3. Movement Prep/Activation and Increasing Heart Rate

2 sets

1:00 Cardio

15 Banded lat pull downs (Light Band)

10 Medball Thrusters (at workout weight)

5 Kip Swings

Coach the Kipping Pull Up (No Measure)

This “cheat” derives from a powerful and athletic reversal of hip direction — like that of the clean and the snatch — and expands the primary movers from just the back and arms down through the torso and hip to include the power zone. Far from being a cheat, kipping is a gateway skill with functional utility on the rings, parallel bars, high bar, and floor (the quickest way to get to your feet). Where most athletic communities avoid the kip, we go to great lengths to teach and learn it.

1st : Work on Hollow and Arch positioning

Then:

1. Place your hands just outside of shoulder width

2. Grip around the bar into a gymnastics grip (thumb grabbing index and possibly middle finger)

3. Begin by hanging with the arms extended.

4. Initiate the kip with the shoulders, not the feet

5. Alternate between arched and hollow position

6. Lift feet towards the bar while pushing down on the bar with straight arms

7. As you hit your apex extend your hips forward (moving into arch position), then pull with your arms

8. Pull until your chin is over the bar

9. Initiate the next rep by pushing back away fro the bar.

Warm-up

4. Workout Prep

1 Set: (at workout pace)

6 Wall Balls (20/14)

6 Toes to bar

Dragon Ball Z (AMRAP – Reps)

15:00-27:00

AMRAP 12 Minutes

18 Wall Balls (20/14)

18 Toes to bar

SCALING

AMRAP 12 Minutes

15 Wall Balls (16/10)

15 Knees to Elbows (20 T2R)

The SCALING aim is to finish near target score with 1-2 sets on each movement most rounds.

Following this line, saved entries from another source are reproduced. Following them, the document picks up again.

(* Let $k>4$ be an odd integer. Then for each $l\in\{2k-2,\,2k-4\}$ there exist permutations $g_1,g_2\in S(l)$ such that each of $g_1,g_2$ has only cycles of length $k$ or $1$, and $g_1g_2^{-1}$ has only cycles of even length.
   Context: $S(l)$ denotes the symmetric group on $\{1,\dots,l\}$. *)

theory Defs
  imports "HOL-Combinatorics.Combinatorics"
begin

text \<open>Cycle lengths of a permutation g of S: the length of the cycle through x is
  the cardinality of its orbit (fixed points give cycles of length 1).\<close>
definition cycle_lengths :: "(nat \<Rightarrow> nat) \<Rightarrow> nat set \<Rightarrow> nat set" where
  "cycle_lengths g S = (\<lambda>x. card (orbit g x)) ` S"

end

theory Submission
  imports Defs
begin

text \<open>Take \<open>g\<^sub>2 = (1 2 \<dots> k)\<close>, and \<open>g\<^sub>1 = (1 k+1 k+2 \<dots> 2k-2 2)\<close> for \<open>l = 2k-2\<close>, resp.
  \<open>g\<^sub>1 = (1 3 k+1 \<dots> 2k-4 2 4)\<close> for \<open>l = 2k-4\<close>. Then \<open>g\<^sub>1 g\<^sub>2\<^sup>-\<^sup>1\<close> is
  \<open>(1 k k-1 \<dots> 3)(2 k+1 \<dots> 2k-2)\<close>, resp. \<open>(1 k k-1 \<dots> 5)(2 3 4 k+1 \<dots> 2k-4)\<close>, whose cycle
  lengths \<open>k-1, k-1\<close>, resp. \<open>k-3, k-1\<close>, are even because \<open>k\<close> is odd.\<close>

definition is_cycle_of :: "('a \<Rightarrow> 'a) \<Rightarrow> 'a list \<Rightarrow> bool" where
  "is_cycle_of g cs \<longleftrightarrow> distinct cs \<and> map g cs = rotate1 cs"

lemma is_cycle_of_fixpoint: "g x = x \<Longrightarrow> is_cycle_of g [x]"
  by (simp add: is_cycle_of_def)

lemma map_funpow_is_cycle_of:
  assumes "is_cycle_of g cs"
  shows "map (g ^^ m) cs = rotate m cs"
proof (induction m)
  case (Suc m)
  have "map (g ^^ Suc m) cs = map g (rotate m cs)"
    using Suc by (simp flip: map_map)
  also have "\<dots> = rotate (Suc m) cs"
    using assms by (simp add: is_cycle_of_def rotate1_rotate_swap flip: rotate_map)
  finally show ?case .
qed simp

lemma orbit_is_cycle_of:
  assumes cyc: "is_cycle_of g cs" and x: "x \<in> set cs"
  shows "orbit g x = set cs"
proof -
  obtain i where i: "i < length cs" "x = cs ! i" using x by (auto simp: in_set_conv_nth)
  have pow: "(g ^^ m) x = cs ! ((m + i) mod length cs)" for m
    using map_funpow_is_cycle_of[OF cyc, of m] i
    by (metis length_map nth_map nth_rotate)
  show ?thesis
  proof
    show "orbit g x \<subseteq> set cs"
      unfolding orbit_altdef pow using i(1) by (auto intro!: nth_mem mod_less_divisor)
    show "set cs \<subseteq> orbit g x"
    proof
      fix y assume "y \<in> set cs"
      then obtain j where j: "j < length cs" "y = cs ! j" by (auto simp: in_set_conv_nth)
      have "(g ^^ (length cs - i + j)) x = y"
        unfolding pow using i(1) j by simp
      then show "y \<in> orbit g x"
        using i by (auto simp: orbit_altdef intro!: exI[of _ "length cs - i + j"])
    qed
  qed
qed

lemma card_orbit_is_cycle_of:
  "is_cycle_of g cs \<Longrightarrow> x \<in> set cs \<Longrightarrow> card (orbit g x) = length cs"
  by (simp add: orbit_is_cycle_of is_cycle_of_def distinct_card)

lemma permutes_is_cycle_of:
  assumes cyc: "is_cycle_of g cs" and fixed: "\<And>x. x \<notin> set cs \<Longrightarrow> g x = x"
  shows "g permutes set cs"
proof (rule bij_imp_permutes[OF _ fixed])
  have "g ` set cs = set cs"
    using cyc by (metis is_cycle_of_def set_map set_rotate1)
  then show "bij_betw g (set cs) (set cs)"
    by (simp add: bij_betw_def eq_card_imp_inj_on)
qed

lemma cycle_lengths_subsetI:
  assumes "\<And>x. x \<in> S \<Longrightarrow> \<exists>cs. is_cycle_of g cs \<and> x \<in> set cs \<and> length cs \<in> L"
  shows "cycle_lengths g S \<subseteq> L"
  using assms card_orbit_is_cycle_of by (fastforce simp: cycle_lengths_def)

lemma single_cycle_permutes:
  assumes "is_cycle_of g cs" and "\<And>x. x \<notin> set cs \<Longrightarrow> g x = x" and "set cs \<subseteq> S"
  shows "g permutes S"
  using permutes_subset[OF permutes_is_cycle_of[OF assms(1,2)] assms(3)] .

lemma cycle_lengths_single_cycle:
  assumes cyc: "is_cycle_of g cs" and fixed: "\<And>x. x \<notin> set cs \<Longrightarrow> g x = x"
  shows "cycle_lengths g S \<subseteq> {length cs, 1}"
proof (rule cycle_lengths_subsetI)
  fix x
  show "\<exists>ds. is_cycle_of g ds \<and> x \<in> set ds \<and> length ds \<in> {length cs, 1}"
  proof (cases "x \<in> set cs")
    case False
    then have "is_cycle_of g [x]" by (simp add: fixed is_cycle_of_fixpoint)
    then show ?thesis by force
  qed (use cyc in auto)
qed

lemma ex_pair_with_even_ratio:
  assumes "g1 permutes S" "g2 permutes S"
    and "cycle_lengths g1 S \<subseteq> {k, 1}" "cycle_lengths g2 S \<subseteq> {k, 1}"
    and "g1 = h \<circ> g2" "cycle_lengths h S \<subseteq> Collect even"
  shows "\<exists>g1 g2. g1 permutes S \<and> g2 permutes S \<and>
           cycle_lengths g1 S \<subseteq> {k, 1} \<and> cycle_lengths g2 S \<subseteq> {k, 1} \<and>
           (\<forall>c \<in> cycle_lengths (g1 \<circ> inv g2) S. even c)"
proof -
  have "g1 \<circ> inv g2 = h"
    using assms(2,5) by (simp add: comp_assoc permutes_inv_o)
  then show ?thesis using assms by blast
qed

text \<open>Stated inside a context \<open>a # _ @ ys\<close> so that it rewrites the rotation equation
  \<open>map g cs = rotate1 cs\<close> of a cycle list \<open>cs\<close> containing the run \<open>[a..<b]\<close>.\<close>

lemma map_upt_shift:
  assumes "a < b" and "\<And>x. a \<le> x \<Longrightarrow> Suc x < b \<Longrightarrow> g x = Suc x" and "g (b - 1) = c"
  shows "a # map g [a..<b] @ ys = [a..<b] @ c # ys"
proof -
  obtain b' where b: "b = Suc b'" and "a \<le> b'" using assms(1) by (cases b) auto
  then have "map g [a..<b'] = map Suc [a..<b']" using assms(2) by (intro map_cong) auto
  then have "map g [a..<b] = [Suc a..<b] @ [c]"
    using b \<open>a \<le> b'\<close> assms(3) by (simp add: map_Suc_upt)
  then show ?thesis using assms(1) by (simp add: upt_conv_Cons)
qed

lemma map_rev_upt_shift:
  assumes "a \<le> b" and "\<And>x. a < x \<Longrightarrow> x \<le> b \<Longrightarrow> g x = x - 1" and "g a = c"
  shows "b # map g (rev [a..<Suc b]) @ ys = rev [a..<Suc b] @ c # ys"
proof -
  have "map g [Suc a..<Suc b] = map (\<lambda>x. x - 1) [Suc a..<Suc b]"
    using assms(2) by (intro map_cong) auto
  then have "map g [a..<Suc b] = c # [a..<b]"
    using assms(1,3) by (simp add: upt_conv_Cons map_decr_upt del: upt_Suc)
  then have "map g (rev [a..<Suc b]) = rev [a..<b] @ [c]"
    by (simp add: rev_map[symmetric] del: upt_Suc)
  then show ?thesis using assms(1) by simp
qed

definition standard_cycle :: "nat \<Rightarrow> nat \<Rightarrow> nat" where
  "standard_cycle k x = (if 1 \<le> x \<and> x < k then x + 1 else if x = k then 1 else x)"

definition long_cycle_A :: "nat \<Rightarrow> nat \<Rightarrow> nat" where
  "long_cycle_A k x = (if x = 1 then k + 1 else if k + 1 \<le> x \<and> x < 2*k - 2 then x + 1
     else if x = 2*k - 2 then 2 else if x = 2 then 1 else x)"

definition ratio_A :: "nat \<Rightarrow> nat \<Rightarrow> nat" where
  "ratio_A k x = (if x = 1 then k else if 4 \<le> x \<and> x \<le> k then x - 1 else if x = 3 then 1
     else if x = 2 then k + 1 else if k + 1 \<le> x \<and> x < 2*k - 2 then x + 1
     else if x = 2*k - 2 then 2 else x)"

definition long_cycle_B :: "nat \<Rightarrow> nat \<Rightarrow> nat" where
  "long_cycle_B k x = (if x = 1 then 3 else if x = 3 then k + 1
     else if k + 1 \<le> x \<and> x < 2*k - 4 then x + 1 else if x = 2*k - 4 then 2
     else if x = 2 then 4 else if x = 4 then 1 else x)"

definition ratio_B :: "nat \<Rightarrow> nat \<Rightarrow> nat" where
  "ratio_B k x = (if x = 1 then k else if 6 \<le> x \<and> x \<le> k then x - 1 else if x = 5 then 1
     else if x = 2 then 3 else if x = 3 then 4 else if x = 4 then k + 1
     else if k + 1 \<le> x \<and> x < 2*k - 4 then x + 1 else if x = 2*k - 4 then 2 else x)"

lemma is_cycle_of_standard_cycle:
  assumes "0 < k"
  shows "is_cycle_of (standard_cycle k) [1..<Suc k]"
proof -
  have "1 # map (standard_cycle k) [1..<Suc k] @ [] = [1..<Suc k] @ [1]"
    by (rule map_upt_shift) (use assms in \<open>auto simp: standard_cycle_def\<close>)
  then show ?thesis
    using assms by (simp add: is_cycle_of_def upt_conv_Cons del: upt_Suc)
qed

lemma standard_cycle_is_k_cycle:
  assumes "0 < k" "k \<le> l"
  shows "standard_cycle k permutes {1..l}" "cycle_lengths (standard_cycle k) {1..l} \<subseteq> {k, 1}"
proof -
  note cyc = is_cycle_of_standard_cycle[OF assms(1)]
  have fixed: "standard_cycle k x = x" if "x \<notin> set [1..<Suc k]" for x
    using that assms by (auto simp: standard_cycle_def)
  show "standard_cycle k permutes {1..l}"
    by (rule single_cycle_permutes[OF cyc fixed]) (use assms in auto)
  show "cycle_lengths (standard_cycle k) {1..l} \<subseteq> {k, 1}"
    using cycle_lengths_single_cycle[OF cyc fixed] by (simp del: upt_Suc)
qed

context
  fixes k :: nat
  assumes k: "4 < k"
begin

lemma is_cycle_of_long_cycle_A: "is_cycle_of (long_cycle_A k) (1 # [Suc k..<2*k-1] @ [2])"
proof -
  have "Suc k # map (long_cycle_A k) [Suc k..<2*k-1] @ ys = [Suc k..<2*k-1] @ 2 # ys" for ys
    by (rule map_upt_shift) (use k in \<open>auto simp: long_cycle_A_def\<close>)
  then show ?thesis
    using k by (simp add: is_cycle_of_def long_cycle_A_def)
qed

lemma long_cycle_A_is_k_cycle:
  shows "long_cycle_A k permutes {1..2*k-2}" "cycle_lengths (long_cycle_A k) {1..2*k-2} \<subseteq> {k, 1}"
proof -
  note cyc = is_cycle_of_long_cycle_A
  have fixed: "long_cycle_A k x = x" if "x \<notin> set (1 # [Suc k..<2*k-1] @ [2])" for x
    using that k by (auto simp: long_cycle_A_def)
  show "long_cycle_A k permutes {1..2*k-2}"
    by (rule single_cycle_permutes[OF cyc fixed]) (use k in auto)
  have len: "length (1 # [Suc k..<2*k-1] @ [2]) = k" using k by simp
  show "cycle_lengths (long_cycle_A k) {1..2*k-2} \<subseteq> {k, 1}"
    using cycle_lengths_single_cycle[OF cyc fixed, unfolded len] .
qed

lemma is_cycle_of_ratio_A:
  shows "is_cycle_of (ratio_A k) (1 # rev [3..<Suc k])"
    and "is_cycle_of (ratio_A k) (2 # [Suc k..<2*k-1])"
proof -
  have "k # map (ratio_A k) (rev [3..<Suc k]) @ [] = rev [3..<Suc k] @ [1]"
    by (rule map_rev_upt_shift) (use k in \<open>auto simp: ratio_A_def\<close>)
  then show "is_cycle_of (ratio_A k) (1 # rev [3..<Suc k])"
    using k by (simp add: is_cycle_of_def ratio_A_def del: upt_Suc)
  have "Suc k # map (ratio_A k) [Suc k..<2*k-1] @ [] = [Suc k..<2*k-1] @ [2]"
    by (rule map_upt_shift) (use k in \<open>auto simp: ratio_A_def\<close>)
  then show "is_cycle_of (ratio_A k) (2 # [Suc k..<2*k-1])"
    using k by (simp add: is_cycle_of_def ratio_A_def)
qed

lemma cycle_lengths_ratio_A: "cycle_lengths (ratio_A k) {1..2*k-2} \<subseteq> {k - 1}"
proof (rule cycle_lengths_subsetI)
  fix x assume "x \<in> {1..2*k-2}"
  then have "x \<in> set (1 # rev [3..<Suc k]) \<or> x \<in> set (2 # [Suc k..<2*k-1])" by auto
  then show "\<exists>cs. is_cycle_of (ratio_A k) cs \<and> x \<in> set cs \<and> length cs \<in> {k - 1}"
    using is_cycle_of_ratio_A k by fastforce
qed

lemma long_cycle_A_eq: "long_cycle_A k = ratio_A k \<circ> standard_cycle k"
proof
  fix x
  consider "x = 0" | "x = 1" | "x = 2" | "x = 3" | "4 \<le> x \<and> x < k" | "x = k" | "k < x"
    by linarith
  then show "long_cycle_A k x = (ratio_A k \<circ> standard_cycle k) x"
    using k by cases (auto simp: long_cycle_A_def ratio_A_def standard_cycle_def)
qed

lemma is_cycle_of_long_cycle_B: "is_cycle_of (long_cycle_B k) (1 # 3 # [Suc k..<2*k-3] @ [2, 4])"
proof -
  have "Suc k # map (long_cycle_B k) [Suc k..<2*k-3] @ ys = [Suc k..<2*k-3] @ 2 # ys" for ys
    by (rule map_upt_shift) (use k in \<open>auto simp: long_cycle_B_def\<close>)
  then show ?thesis
    using k by (auto simp: is_cycle_of_def long_cycle_B_def)
qed

lemma long_cycle_B_is_k_cycle:
  shows "long_cycle_B k permutes {1..2*k-4}" "cycle_lengths (long_cycle_B k) {1..2*k-4} \<subseteq> {k, 1}"
proof -
  note cyc = is_cycle_of_long_cycle_B
  have fixed: "long_cycle_B k x = x" if "x \<notin> set (1 # 3 # [Suc k..<2*k-3] @ [2, 4])" for x
    using that k by (auto simp: long_cycle_B_def)
  show "long_cycle_B k permutes {1..2*k-4}"
    by (rule single_cycle_permutes[OF cyc fixed]) (use k in auto)
  have len: "length (1 # 3 # [Suc k..<2*k-3] @ [2, 4]) = k" using k by simp
  show "cycle_lengths (long_cycle_B k) {1..2*k-4} \<subseteq> {k, 1}"
    using cycle_lengths_single_cycle[OF cyc fixed, unfolded len] .
qed

lemma is_cycle_of_ratio_B:
  shows "is_cycle_of (ratio_B k) (1 # rev [5..<Suc k])"
    and "is_cycle_of (ratio_B k) ([2, 3, 4] @ [Suc k..<2*k-3])"
proof -
  have "k # map (ratio_B k) (rev [5..<Suc k]) @ [] = rev [5..<Suc k] @ [1]"
    by (rule map_rev_upt_shift) (use k in \<open>auto simp: ratio_B_def\<close>)
  then show "is_cycle_of (ratio_B k) (1 # rev [5..<Suc k])"
    using k by (simp add: is_cycle_of_def ratio_B_def del: upt_Suc)
  have "Suc k # map (ratio_B k) [Suc k..<2*k-3] @ [] = [Suc k..<2*k-3] @ [2]"
    by (rule map_upt_shift) (use k in \<open>auto simp: ratio_B_def\<close>)
  then show "is_cycle_of (ratio_B k) ([2, 3, 4] @ [Suc k..<2*k-3])"
    using k by (simp add: is_cycle_of_def ratio_B_def)
qed

lemma cycle_lengths_ratio_B: "cycle_lengths (ratio_B k) {1..2*k-4} \<subseteq> {k - 3, k - 1}"
proof (rule cycle_lengths_subsetI)
  fix x assume "x \<in> {1..2*k-4}"
  then have "x \<in> set (1 # rev [5..<Suc k]) \<or> x \<in> set ([2, 3, 4] @ [Suc k..<2*k-3])" by auto
  then show "\<exists>cs. is_cycle_of (ratio_B k) cs \<and> x \<in> set cs \<and> length cs \<in> {k - 3, k - 1}"
    using is_cycle_of_ratio_B k by fastforce
qed

lemma long_cycle_B_eq: "long_cycle_B k = ratio_B k \<circ> standard_cycle k"
proof
  fix x
  consider "x = 0" | "x = 1" | "x = 2" | "x = 3" | "x = 4" | "x = 5" | "6 \<le> x \<and> x < k"
    | "x = k" | "k < x \<and> x < 2*k - 4" | "2*k - 4 \<le> x"
    by linarith
  then show "long_cycle_B k x = (ratio_B k \<circ> standard_cycle k) x"
    using k by cases (auto simp: long_cycle_B_def ratio_B_def standard_cycle_def)
qed

end

theorem mainTheorem10:
  fixes k :: nat
  assumes "odd k" and "k > 4"
  shows "\<forall>l \<in> {2*k - 2, 2*k - 4}. \<exists>g1 g2.
           g1 permutes {1..l} \<and> g2 permutes {1..l} \<and>
           cycle_lengths g1 {1..l} \<subseteq> {k, 1} \<and>
           cycle_lengths g2 {1..l} \<subseteq> {k, 1} \<and>
           (\<forall>c \<in> cycle_lengths (g1 \<circ> inv g2) {1..l}. even c)"
proof -
  note k = \<open>k > 4\<close>
  have "0 < k" "k \<le> 2*k - 2" "k \<le> 2*k - 4" using k by auto
  note standard_A = standard_cycle_is_k_cycle[OF this(1,2)]
    and standard_B = standard_cycle_is_k_cycle[OF this(1,3)]
  have "even (k - 1)" "even (k - 3)" using assms by auto
  then have even_A: "cycle_lengths (ratio_A k) {1..2*k-2} \<subseteq> Collect even"
    and even_B: "cycle_lengths (ratio_B k) {1..2*k-4} \<subseteq> Collect even"
    using cycle_lengths_ratio_A[OF k] cycle_lengths_ratio_B[OF k] by auto
  show ?thesis
    using ex_pair_with_even_ratio[OF long_cycle_A_is_k_cycle(1)[OF k] standard_A(1)
        long_cycle_A_is_k_cycle(2)[OF k] standard_A(2) long_cycle_A_eq[OF k] even_A]
      ex_pair_with_even_ratio[OF long_cycle_B_is_k_cycle(1)[OF k] standard_B(1)
        long_cycle_B_is_k_cycle(2)[OF k] standard_B(2) long_cycle_B_eq[OF k] even_B]
    by simp
qed

end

Scaling option to finish near the target score:

TARGET SCORE

Target number of reps: 200+

Minimum Reps before scaling: 120

STIMULUS and GOALS

Stimulus today is moderate intensity and pacing to maintain near constant movement throughout workout. Make sure to break up sets before you hit redline!

This is a classic CrossFit Couplet that will affect your entire body, but shoulder and grip fatigue will most likely be most prominent.

WORKOUT STRATEGY & FLOW

Wall Balls: Aim for 1-2 sets throughout the workout. Keep the arms as relaxed as possible. Use as much drive out of the squat as you can to save the shoulders.

Toes to bar: Aim for 2-3 sets for as much of the workout as possible. The wall balls will affect your grip a bit so be aware of this and break into smart sets before you hit failure.